[Data entries]

┌──

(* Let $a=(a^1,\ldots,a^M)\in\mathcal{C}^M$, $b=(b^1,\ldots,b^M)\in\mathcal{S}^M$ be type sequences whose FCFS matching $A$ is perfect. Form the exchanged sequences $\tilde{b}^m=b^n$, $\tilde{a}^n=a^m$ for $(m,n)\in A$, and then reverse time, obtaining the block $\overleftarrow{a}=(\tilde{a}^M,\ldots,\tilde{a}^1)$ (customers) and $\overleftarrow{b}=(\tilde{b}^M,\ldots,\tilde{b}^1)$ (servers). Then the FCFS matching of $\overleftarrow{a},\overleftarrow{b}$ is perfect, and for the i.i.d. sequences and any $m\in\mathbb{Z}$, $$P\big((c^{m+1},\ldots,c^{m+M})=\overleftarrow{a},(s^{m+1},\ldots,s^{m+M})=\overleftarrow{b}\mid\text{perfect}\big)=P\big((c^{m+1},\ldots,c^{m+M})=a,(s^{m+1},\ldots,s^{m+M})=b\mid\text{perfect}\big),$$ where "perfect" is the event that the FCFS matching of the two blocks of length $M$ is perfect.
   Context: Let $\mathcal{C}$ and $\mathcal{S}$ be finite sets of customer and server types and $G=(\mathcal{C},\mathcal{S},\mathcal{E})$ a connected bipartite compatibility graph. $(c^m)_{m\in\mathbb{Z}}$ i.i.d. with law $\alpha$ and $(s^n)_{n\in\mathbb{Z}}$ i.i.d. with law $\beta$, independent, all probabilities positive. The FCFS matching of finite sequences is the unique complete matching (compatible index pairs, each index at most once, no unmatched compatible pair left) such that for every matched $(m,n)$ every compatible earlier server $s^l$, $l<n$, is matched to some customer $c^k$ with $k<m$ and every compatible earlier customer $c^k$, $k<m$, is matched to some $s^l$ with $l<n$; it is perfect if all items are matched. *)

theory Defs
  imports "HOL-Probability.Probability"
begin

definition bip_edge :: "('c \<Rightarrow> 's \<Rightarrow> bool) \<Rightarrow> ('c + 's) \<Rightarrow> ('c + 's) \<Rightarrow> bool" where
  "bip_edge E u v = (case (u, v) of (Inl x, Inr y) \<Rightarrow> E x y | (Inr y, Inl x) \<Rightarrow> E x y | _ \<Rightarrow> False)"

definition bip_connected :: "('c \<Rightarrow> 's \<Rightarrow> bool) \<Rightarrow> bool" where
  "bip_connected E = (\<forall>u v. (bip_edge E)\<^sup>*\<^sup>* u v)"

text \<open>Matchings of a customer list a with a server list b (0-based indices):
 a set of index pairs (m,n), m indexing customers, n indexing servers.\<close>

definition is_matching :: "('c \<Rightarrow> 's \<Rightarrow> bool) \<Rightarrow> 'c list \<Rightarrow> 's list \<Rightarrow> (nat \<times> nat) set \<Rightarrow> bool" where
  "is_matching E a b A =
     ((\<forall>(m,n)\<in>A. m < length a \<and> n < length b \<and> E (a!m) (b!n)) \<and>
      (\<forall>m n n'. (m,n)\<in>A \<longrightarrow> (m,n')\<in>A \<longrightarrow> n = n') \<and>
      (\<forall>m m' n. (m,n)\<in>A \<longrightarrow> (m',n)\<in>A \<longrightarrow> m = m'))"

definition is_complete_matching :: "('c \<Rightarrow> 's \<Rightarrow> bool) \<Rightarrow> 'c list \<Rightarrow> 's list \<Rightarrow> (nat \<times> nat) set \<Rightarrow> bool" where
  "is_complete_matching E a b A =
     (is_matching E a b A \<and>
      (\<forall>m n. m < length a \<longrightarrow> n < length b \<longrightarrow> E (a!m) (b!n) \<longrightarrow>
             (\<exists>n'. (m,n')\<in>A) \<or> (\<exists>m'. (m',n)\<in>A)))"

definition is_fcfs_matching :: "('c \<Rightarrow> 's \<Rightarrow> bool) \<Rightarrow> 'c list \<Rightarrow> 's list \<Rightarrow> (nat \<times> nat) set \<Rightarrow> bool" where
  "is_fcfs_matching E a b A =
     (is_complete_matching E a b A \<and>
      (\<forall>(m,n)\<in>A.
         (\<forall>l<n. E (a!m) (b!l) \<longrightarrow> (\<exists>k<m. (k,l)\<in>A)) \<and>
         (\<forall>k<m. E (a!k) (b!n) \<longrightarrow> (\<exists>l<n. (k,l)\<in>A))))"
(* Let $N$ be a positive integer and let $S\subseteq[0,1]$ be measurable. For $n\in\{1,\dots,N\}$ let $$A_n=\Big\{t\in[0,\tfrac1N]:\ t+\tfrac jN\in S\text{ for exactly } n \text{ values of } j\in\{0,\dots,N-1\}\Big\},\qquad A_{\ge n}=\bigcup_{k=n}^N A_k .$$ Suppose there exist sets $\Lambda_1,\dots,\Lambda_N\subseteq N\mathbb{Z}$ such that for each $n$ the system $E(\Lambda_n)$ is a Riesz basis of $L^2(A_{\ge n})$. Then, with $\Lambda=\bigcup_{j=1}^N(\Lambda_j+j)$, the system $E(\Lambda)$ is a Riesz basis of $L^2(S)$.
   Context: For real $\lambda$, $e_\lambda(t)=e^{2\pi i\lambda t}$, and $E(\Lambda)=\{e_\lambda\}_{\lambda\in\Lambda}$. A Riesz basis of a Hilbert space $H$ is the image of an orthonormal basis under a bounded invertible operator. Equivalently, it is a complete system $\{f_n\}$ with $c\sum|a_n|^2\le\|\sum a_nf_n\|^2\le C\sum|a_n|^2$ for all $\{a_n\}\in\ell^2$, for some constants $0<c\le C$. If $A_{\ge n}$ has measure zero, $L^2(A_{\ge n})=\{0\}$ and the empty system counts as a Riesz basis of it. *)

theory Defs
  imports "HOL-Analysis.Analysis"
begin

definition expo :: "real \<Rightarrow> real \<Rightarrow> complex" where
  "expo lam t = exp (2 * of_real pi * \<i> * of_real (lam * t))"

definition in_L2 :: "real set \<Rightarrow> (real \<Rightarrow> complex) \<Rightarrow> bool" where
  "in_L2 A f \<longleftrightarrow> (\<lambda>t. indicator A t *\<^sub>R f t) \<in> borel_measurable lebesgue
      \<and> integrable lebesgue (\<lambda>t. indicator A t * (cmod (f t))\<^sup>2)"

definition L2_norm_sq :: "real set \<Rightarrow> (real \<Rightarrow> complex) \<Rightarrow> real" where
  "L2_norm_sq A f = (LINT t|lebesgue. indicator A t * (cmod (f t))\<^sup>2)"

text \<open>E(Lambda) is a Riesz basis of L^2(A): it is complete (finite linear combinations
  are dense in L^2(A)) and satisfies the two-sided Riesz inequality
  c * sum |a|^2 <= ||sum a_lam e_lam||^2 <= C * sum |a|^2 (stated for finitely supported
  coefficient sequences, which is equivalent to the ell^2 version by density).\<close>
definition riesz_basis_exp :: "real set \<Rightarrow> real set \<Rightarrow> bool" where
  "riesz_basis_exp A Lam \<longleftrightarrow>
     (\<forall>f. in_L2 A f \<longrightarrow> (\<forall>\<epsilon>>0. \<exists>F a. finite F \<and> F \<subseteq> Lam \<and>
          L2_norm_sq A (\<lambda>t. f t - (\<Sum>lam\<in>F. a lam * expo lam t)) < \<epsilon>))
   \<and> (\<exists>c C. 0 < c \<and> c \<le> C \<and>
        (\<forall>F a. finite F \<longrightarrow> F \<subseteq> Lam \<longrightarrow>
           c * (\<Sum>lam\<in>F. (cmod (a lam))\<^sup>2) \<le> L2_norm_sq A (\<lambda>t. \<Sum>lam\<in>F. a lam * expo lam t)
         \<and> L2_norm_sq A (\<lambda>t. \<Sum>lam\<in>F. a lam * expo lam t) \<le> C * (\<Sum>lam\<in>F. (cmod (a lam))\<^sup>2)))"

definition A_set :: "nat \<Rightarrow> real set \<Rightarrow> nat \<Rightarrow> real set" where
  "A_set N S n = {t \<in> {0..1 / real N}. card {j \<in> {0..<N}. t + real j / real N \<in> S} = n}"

└──

■ **Work to be completed**: Would you retype exactly the lines above, from the line with "are dense in" to the line with "set \<Rightarrow> real", with both end lines kept and nothing more?

■ **Answer to this exercise**:
  are dense in L^2(A)) and satisfies the two-sided Riesz inequality
  c * sum |a|^2 <= ||sum a_lam e_lam||^2 <= C * sum |a|^2 (stated for finitely supported
  coefficient sequences, which is equivalent to the ell^2 version by density).\<close>
definition riesz_basis_exp :: "real set \<Rightarrow> real set \<Rightarrow> bool" where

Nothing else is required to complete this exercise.